Chi-raq? Or Chi-attack?
Chi-kill? Or Chi-micide?
Chi-ghanistan? Or Chi-bosnia?
What should “we” call this place, where death too often tolls prematurely for the young, where our children here too often perish in the street by the gun?
On the other side of the tracks, some here call it Chiraq.
OPINION
From Englewood to North Lawndale. From Garfield to Humboldt Park, to Pilsen and Little Village, to Roseland and the West Side’s Austin, they know Chiraq — one part Chicago, one part Iraq. A name birthed in cold dead facts.
In Chiraq, bullets fly. Children die. Mothers cry.
Too many lives marred by an invisible epitaph: “Born in Chicago. Murdered in Chiraq.”
And yet, some here these days seem more worried about bad PR than the incessant flow of our gunshot wounded sons and daughters to the hospital ER. More upset about what Spike Lee has titled his new film that he is shooting in Chicago this summer. More indignant about the unwanted name than our murderous shame.
“Shhh,” some say. Don’t call my city by that name. It embodies too much hell. Too much pain.
Chiraq. It hurts. It is a name that bleeds. That stirs uncomfortable, disconcerting reflection. That sprang from the seed of death and destruction.
No matter who tells the decades-long, real-life tale of my beloved hometown — Spike Lee, or me — it would be riddled with the sound of gunfire, told in the blood and tears of those shot, maimed or murdered here. By the faces and voices of those who have tasted Chi-fear.
I was born in Chicago. But I have walked the streets of Chiraq.
It is not every neighborhood, or every block. Chiraq exists beyond the Magnificent Mile, beyond the North Shore and the Gold Coast, beyond peaceful, neighborhood meadows. Chiraq lies within the city’s “insignificant” isles. Within the “Cold Coast” and hyper-segregated neighborhoods outside the perimeter of Chicago’s glistening skyline beauty and tourist fare.
Two worlds. A tale of two cities: One ugly. One pretty.
Shots fired! The children of Chiraq know the routine: Get down on the floor or take cover in the bathtub. Lie still, even amid screams. Wait until the shooting stops or the young hooded gunmen flee.
“Bullets don’t have no eyes or names,” mothers warn. They whisper a prayer when they send their children out the door, into Chiraqi streets. When their children return safely home, they breathe a sigh of relief.
In Chiraq, children can’t play in their front yard without fear of sudden and random attack. Little boys are known to have been slain while making mud pies and little girls while selling candy or jumping rope. Here regard for human life is cast aside — at least too often seems in short supply.

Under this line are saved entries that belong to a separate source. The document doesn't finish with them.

(* Let $M$ be a categorical monoid, $\mathcal F$ a family of finite subgroups of $\mathrm{Ob}(M)$, and $G$ a discrete group. Let $f\colon C\to D$ be a $\mathcal G_{\mathcal F,G}$-equivalence in $(M\times G)\text{-}\mathbf{Cat}$ such that $G$ acts freely on both $C$ and $D$. Then the induced functor of orbit categories $f/G\colon C/G\to D/G$ is an $\mathcal F$-equivalence in $M\text{-}\mathbf{Cat}$.
   Context: A categorical monoid is a strict monoidal category; $M\text{-}\mathbf{Cat}$ denotes small categories with strict $M$-action. A family of finite subgroups is a collection closed under subgroups and conjugation. For a subgroup $H$ and an $M$-category $C$, $C^H$ is the subcategory of $H$-fixed objects and morphisms; a map $f$ is an $\mathcal F$-equivalence if $f^H$ is an equivalence of categories for all $H\in\mathcal F$. $\mathcal G_{\mathcal F,G}$ is the collection of graph subgroups $\Gamma_{H,\phi}=\{(h,\phi(h)):h\in H\}\subset \mathrm{Ob}(M)\times G$ with $H\in\mathcal F$ and $\phi\colon H\to G$ a homomorphism. $G$ acts freely on a category if it acts freely on its set of objects (hence on morphisms). $C/G$ denotes the quotient (colimit) in $\mathbf{Cat}$ with the induced $M$-action. *)

theory Defs
  imports "HOL-Algebra.Group"
begin

record ('o,'a) cat =
  Ob  :: "'o set"
  Ar  :: "'a set"
  Dom :: "'a \<Rightarrow> 'o"
  Cod :: "'a \<Rightarrow> 'o"
  Idt :: "'o \<Rightarrow> 'a"
  Cmp :: "'a \<Rightarrow> 'a \<Rightarrow> 'a"   (* Cmp C g f = g \<circ> f *)

definition is_cat :: "('o,'a) cat \<Rightarrow> bool" where
  "is_cat C \<equiv>
    (\<forall>f\<in>Ar C. Dom C f \<in> Ob C \<and> Cod C f \<in> Ob C) \<and>
    (\<forall>x\<in>Ob C. Idt C x \<in> Ar C \<and> Dom C (Idt C x) = x \<and> Cod C (Idt C x) = x) \<and>
    (\<forall>f\<in>Ar C. \<forall>g\<in>Ar C. Cod C f = Dom C g \<longrightarrow>
        Cmp C g f \<in> Ar C \<and> Dom C (Cmp C g f) = Dom C f \<and> Cod C (Cmp C g f) = Cod C g) \<and>
    (\<forall>f\<in>Ar C. Cmp C f (Idt C (Dom C f)) = f \<and> Cmp C (Idt C (Cod C f)) f = f) \<and>
    (\<forall>f\<in>Ar C. \<forall>g\<in>Ar C. \<forall>h\<in>Ar C. Cod C f = Dom C g \<and> Cod C g = Dom C h \<longrightarrow>
        Cmp C h (Cmp C g f) = Cmp C (Cmp C h g) f)"

record ('o1,'a1,'o2,'a2) ftr =
  FO :: "'o1 \<Rightarrow> 'o2"
  FA :: "'a1 \<Rightarrow> 'a2"

definition is_functor :: "('o1,'a1) cat \<Rightarrow> ('o2,'a2) cat \<Rightarrow> ('o1,'a1,'o2,'a2) ftr \<Rightarrow> bool" where
  "is_functor C D F \<equiv> is_cat C \<and> is_cat D \<and>
    (\<forall>x\<in>Ob C. FO F x \<in> Ob D) \<and>
    (\<forall>f\<in>Ar C. FA F f \<in> Ar D \<and> Dom D (FA F f) = FO F (Dom C f) \<and> Cod D (FA F f) = FO F (Cod C f)) \<and>
    (\<forall>x\<in>Ob C. FA F (Idt C x) = Idt D (FO F x)) \<and>
    (\<forall>f\<in>Ar C. \<forall>g\<in>Ar C. Cod C f = Dom C g \<longrightarrow> FA F (Cmp C g f) = Cmp D (FA F g) (FA F f))"

definition fid :: "('o,'a,'o,'a) ftr" where
  "fid = \<lparr>FO = id, FA = id\<rparr>"

(* fcomp F K = K after F *)
definition fcomp :: "('o1,'a1,'o2,'a2) ftr \<Rightarrow> ('o2,'a2,'o3,'a3) ftr \<Rightarrow> ('o1,'a1,'o3,'a3) ftr" where
  "fcomp F K = \<lparr>FO = FO K \<circ> FO F, FA = FA K \<circ> FA F\<rparr>"

definition cat_iso :: "('o,'a) cat \<Rightarrow> 'a \<Rightarrow> bool" where
  "cat_iso C a \<equiv> a \<in> Ar C \<and> (\<exists>b\<in>Ar C. Dom C b = Cod C a \<and> Cod C b = Dom C a \<and>
      Cmp C b a = Idt C (Dom C a) \<and> Cmp C a b = Idt C (Cod C a))"

definition nat_iso :: "('o1,'a1) cat \<Rightarrow> ('o2,'a2) cat \<Rightarrow> ('o1,'a1,'o2,'a2) ftr \<Rightarrow>
    ('o1,'a1,'o2,'a2) ftr \<Rightarrow> ('o1 \<Rightarrow> 'a2) \<Rightarrow> bool" where
  "nat_iso C D F K \<eta> \<equiv>
    (\<forall>x\<in>Ob C. \<eta> x \<in> Ar D \<and> Dom D (\<eta> x) = FO F x \<and> Cod D (\<eta> x) = FO K x \<and> cat_iso D (\<eta> x)) \<and>
    (\<forall>f\<in>Ar C. Cmp D (\<eta> (Cod C f)) (FA F f) = Cmp D (FA K f) (\<eta> (Dom C f)))"

definition cat_equivalence :: "('o1,'a1) cat \<Rightarrow> ('o2,'a2) cat \<Rightarrow> ('o1,'a1,'o2,'a2) ftr \<Rightarrow> bool" where
  "cat_equivalence C D F \<equiv> is_functor C D F \<and>
    (\<exists>K \<eta> \<epsilon>. is_functor D C K \<and> nat_iso C C fid (fcomp F K) \<eta> \<and> nat_iso D D fid (fcomp K F) \<epsilon>)"

definition prod_cat :: "('o1,'a1) cat \<Rightarrow> ('o2,'a2) cat \<Rightarrow> ('o1 \<times> 'o2, 'a1 \<times> 'a2) cat" where
  "prod_cat C D = \<lparr>Ob = Ob C \<times> Ob D, Ar = Ar C \<times> Ar D,
     Dom = (\<lambda>(f,g). (Dom C f, Dom D g)), Cod = (\<lambda>(f,g). (Cod C f, Cod D g)),
     Idt = (\<lambda>(x,y). (Idt C x, Idt D y)),
     Cmp = (\<lambda>(f,g) (f',g'). (Cmp C f f', Cmp D g g'))\<rparr>"

definition strict_monoidal :: "('o,'a) cat \<Rightarrow> ('o \<times> 'o, 'a \<times> 'a, 'o, 'a) ftr \<Rightarrow> 'o \<Rightarrow> bool" where
  "strict_monoidal M T u \<equiv> is_functor (prod_cat M M) M T \<and> u \<in> Ob M \<and>
    (\<forall>x\<in>Ob M. \<forall>y\<in>Ob M. \<forall>z\<in>Ob M. FO T (FO T (x,y), z) = FO T (x, FO T (y,z))) \<and>
    (\<forall>a\<in>Ar M. \<forall>b\<in>Ar M. \<forall>c\<in>Ar M. FA T (FA T (a,b), c) = FA T (a, FA T (b,c))) \<and>
    (\<forall>x\<in>Ob M. FO T (u,x) = x \<and> FO T (x,u) = x) \<and>
    (\<forall>a\<in>Ar M. FA T (Idt M u, a) = a \<and> FA T (a, Idt M u) = a)"

definition disc_cat :: "('g,'z) monoid_scheme \<Rightarrow> ('g,'g) cat" where
  "disc_cat G = \<lparr>Ob = carrier G, Ar = carrier G, Dom = id, Cod = id, Idt = id, Cmp = (\<lambda>g f. g)\<rparr>"

definition disc_tensor :: "('g,'z) monoid_scheme \<Rightarrow> ('g \<times> 'g, 'g \<times> 'g, 'g, 'g) ftr" where
  "disc_tensor G = \<lparr>FO = (\<lambda>(g,h). g \<otimes>\<^bsub>G\<^esub> h), FA = (\<lambda>(g,h). g \<otimes>\<^bsub>G\<^esub> h)\<rparr>"

definition prod_tensor :: "('o1 \<times> 'o1, 'a1 \<times> 'a1, 'o1, 'a1) ftr \<Rightarrow> ('o2 \<times> 'o2, 'a2 \<times> 'a2, 'o2, 'a2) ftr \<Rightarrow>
    (('o1 \<times> 'o2) \<times> ('o1 \<times> 'o2), ('a1 \<times> 'a2) \<times> ('a1 \<times> 'a2), 'o1 \<times> 'o2, 'a1 \<times> 'a2) ftr" where
  "prod_tensor T1 T2 = \<lparr>FO = (\<lambda>((a,b),(c,d)). (FO T1 (a,c), FO T2 (b,d))),
                        FA = (\<lambda>((a,b),(c,d)). (FA T1 (a,c), FA T2 (b,d)))\<rparr>"

definition strict_action :: "('o,'a) cat \<Rightarrow> ('o \<times> 'o, 'a \<times> 'a, 'o, 'a) ftr \<Rightarrow> 'o \<Rightarrow>
    ('c,'ca) cat \<Rightarrow> ('o \<times> 'c, 'a \<times> 'ca, 'c, 'ca) ftr \<Rightarrow> bool" where
  "strict_action M T u C A \<equiv> is_functor (prod_cat M C) C A \<and>
    (\<forall>m\<in>Ob M. \<forall>n\<in>Ob M. \<forall>x\<in>Ob C. FO A (FO T (m,n), x) = FO A (m, FO A (n,x))) \<and>
    (\<forall>a\<in>Ar M. \<forall>b\<in>Ar M. \<forall>f\<in>Ar C. FA A (FA T (a,b), f) = FA A (a, FA A (b,f))) \<and>
    (\<forall>x\<in>Ob C. FO A (u,x) = x) \<and>
    (\<forall>f\<in>Ar C. FA A (Idt M u, f) = f)"

definition equivariant :: "('o,'a) cat \<Rightarrow> ('c,'ca) cat \<Rightarrow> ('d,'da) cat \<Rightarrow>
    ('o \<times> 'c, 'a \<times> 'ca, 'c, 'ca) ftr \<Rightarrow> ('o \<times> 'd, 'a \<times> 'da, 'd, 'da) ftr \<Rightarrow> ('c,'ca,'d,'da) ftr \<Rightarrow> bool" where
  "equivariant M C D A B F \<equiv>
    (\<forall>m\<in>Ob M. \<forall>x\<in>Ob C. FO F (FO A (m,x)) = FO B (m, FO F x)) \<and>
    (\<forall>a\<in>Ar M. \<forall>f\<in>Ar C. FA F (FA A (a,f)) = FA B (a, FA F f))"

definition fix_cat :: "('o,'a) cat \<Rightarrow> ('c,'ca) cat \<Rightarrow> ('o \<times> 'c, 'a \<times> 'ca, 'c, 'ca) ftr \<Rightarrow> 'o set \<Rightarrow> ('c,'ca) cat" where
  "fix_cat M C A H = C\<lparr>Ob := {x\<in>Ob C. \<forall>h\<in>H. FO A (h,x) = x},
                       Ar := {f\<in>Ar C. \<forall>h\<in>H. FA A (Idt M h, f) = f}\<rparr>"

definition fam_equiv :: "('o,'a) cat \<Rightarrow> ('c,'ca) cat \<Rightarrow> ('d,'da) cat \<Rightarrow>
    ('o \<times> 'c, 'a \<times> 'ca, 'c, 'ca) ftr \<Rightarrow> ('o \<times> 'd, 'a \<times> 'da, 'd, 'da) ftr \<Rightarrow> 'o set set \<Rightarrow>
    ('c,'ca,'d,'da) ftr \<Rightarrow> bool" where
  "fam_equiv M C D A B Fam F \<equiv> (\<forall>H\<in>Fam. cat_equivalence (fix_cat M C A H) (fix_cat M D B H) F)"

definition mon_subgroup :: "('o,'a) cat \<Rightarrow> ('o \<times> 'o, 'a \<times> 'a, 'o, 'a) ftr \<Rightarrow> 'o \<Rightarrow> 'o set \<Rightarrow> bool" where
  "mon_subgroup M T u H \<equiv> H \<subseteq> Ob M \<and> u \<in> H \<and>
    (\<forall>h\<in>H. \<forall>k\<in>H. FO T (h,k) \<in> H) \<and>
    (\<forall>h\<in>H. \<exists>k\<in>H. FO T (h,k) = u \<and> FO T (k,h) = u)"

definition fin_family :: "('o,'a) cat \<Rightarrow> ('o \<times> 'o, 'a \<times> 'a, 'o, 'a) ftr \<Rightarrow> 'o \<Rightarrow> 'o set set \<Rightarrow> bool" where
  "fin_family M T u Fam \<equiv>
    (\<forall>H\<in>Fam. mon_subgroup M T u H \<and> finite H) \<and>
    (\<forall>H\<in>Fam. \<forall>K. mon_subgroup M T u K \<and> K \<subseteq> H \<longrightarrow> K \<in> Fam) \<and>
    (\<forall>H\<in>Fam. \<forall>v\<in>Ob M. \<forall>w\<in>Ob M. FO T (v,w) = u \<and> FO T (w,v) = u \<longrightarrow>
        {FO T (FO T (v,h), w) | h. h \<in> H} \<in> Fam)"

definition graph_subgroups :: "('o \<times> 'o, 'a \<times> 'a, 'o, 'a) ftr \<Rightarrow> 'o set set \<Rightarrow> ('g,'z) monoid_scheme \<Rightarrow> ('o \<times> 'g) set set" where
  "graph_subgroups T Fam G = {{(h, \<phi> h) | h. h \<in> H} | H \<phi>. H \<in> Fam \<and> \<phi> \<in> H \<rightarrow> carrier G \<and>
      (\<forall>h\<in>H. \<forall>k\<in>H. \<phi> (FO T (h,k)) = \<phi> h \<otimes>\<^bsub>G\<^esub> \<phi> k)}"

definition free_G_action :: "'o \<Rightarrow> ('g,'z) monoid_scheme \<Rightarrow> ('c,'ca) cat \<Rightarrow>
    (('o \<times> 'g) \<times> 'c, ('a \<times> 'g) \<times> 'ca, 'c, 'ca) ftr \<Rightarrow> bool" where
  "free_G_action u G C A \<equiv> (\<forall>x\<in>Ob C. \<forall>g\<in>carrier G. FO A ((u,g),x) = x \<longrightarrow> g = \<one>\<^bsub>G\<^esub>)"

definition orb_o :: "'o \<Rightarrow> ('g,'z) monoid_scheme \<Rightarrow> (('o \<times> 'g) \<times> 'c, ('a \<times> 'g) \<times> 'ca, 'c, 'ca) ftr \<Rightarrow> 'c \<Rightarrow> 'c set" where
  "orb_o u G A x = {FO A ((u,g),x) | g. g \<in> carrier G}"

definition orb_a :: "('o,'a) cat \<Rightarrow> 'o \<Rightarrow> ('g,'z) monoid_scheme \<Rightarrow> (('o \<times> 'g) \<times> 'c, ('a \<times> 'g) \<times> 'ca, 'c, 'ca) ftr \<Rightarrow> 'ca \<Rightarrow> 'ca set" where
  "orb_a M u G A f = {FA A ((Idt M u, g), f) | g. g \<in> carrier G}"

text \<open>The quotient category C/G (explicit description of the colimit in Cat, valid for
  actions that are free on objects): objects are orbits of objects, arrows are orbits
  of arrows, and composition of orbits is computed on composable representatives.\<close>
definition quot_cat :: "('o,'a) cat \<Rightarrow> 'o \<Rightarrow> ('g,'z) monoid_scheme \<Rightarrow> ('c,'ca) cat \<Rightarrow>
    (('o \<times> 'g) \<times> 'c, ('a \<times> 'g) \<times> 'ca, 'c, 'ca) ftr \<Rightarrow> ('c set, 'ca set) cat" where
  "quot_cat M u G C A = \<lparr>Ob = orb_o u G A ` Ob C, Ar = orb_a M u G A ` Ar C,
     Dom = (\<lambda>S. Dom C ` S), Cod = (\<lambda>S. Cod C ` S), Idt = (\<lambda>X. Idt C ` X),
     Cmp = (\<lambda>T S. {Cmp C t s | t s. t \<in> T \<and> s \<in> S \<and> Cod C s = Dom C t})\<rparr>"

Here you hear the latest shots fired, then wait on edge for the victim’s name, dreading all the while, knowing that no one’s safe. That murder can quickly become anyone’s fate.
And yet, here you also learn to live through fear — even as murder blows steady like the wind. Even as the hearse’s wheels roll again and again and again.
Here there seem only a few voices crying steadily in the wilderness of these mean streets. Among the fiercest and most admirable: the leader of a mostly black church congregation who happens to be a white Catholic priest. And yet, the story of murder hasn’t yet ceased.
. . . And now Spike Lee plans to tell the whole world about that. It’s a public relations nightmare, even if this tale is based on cold dead facts.
Except isn’t the real nightmare to live and die in Chiraq?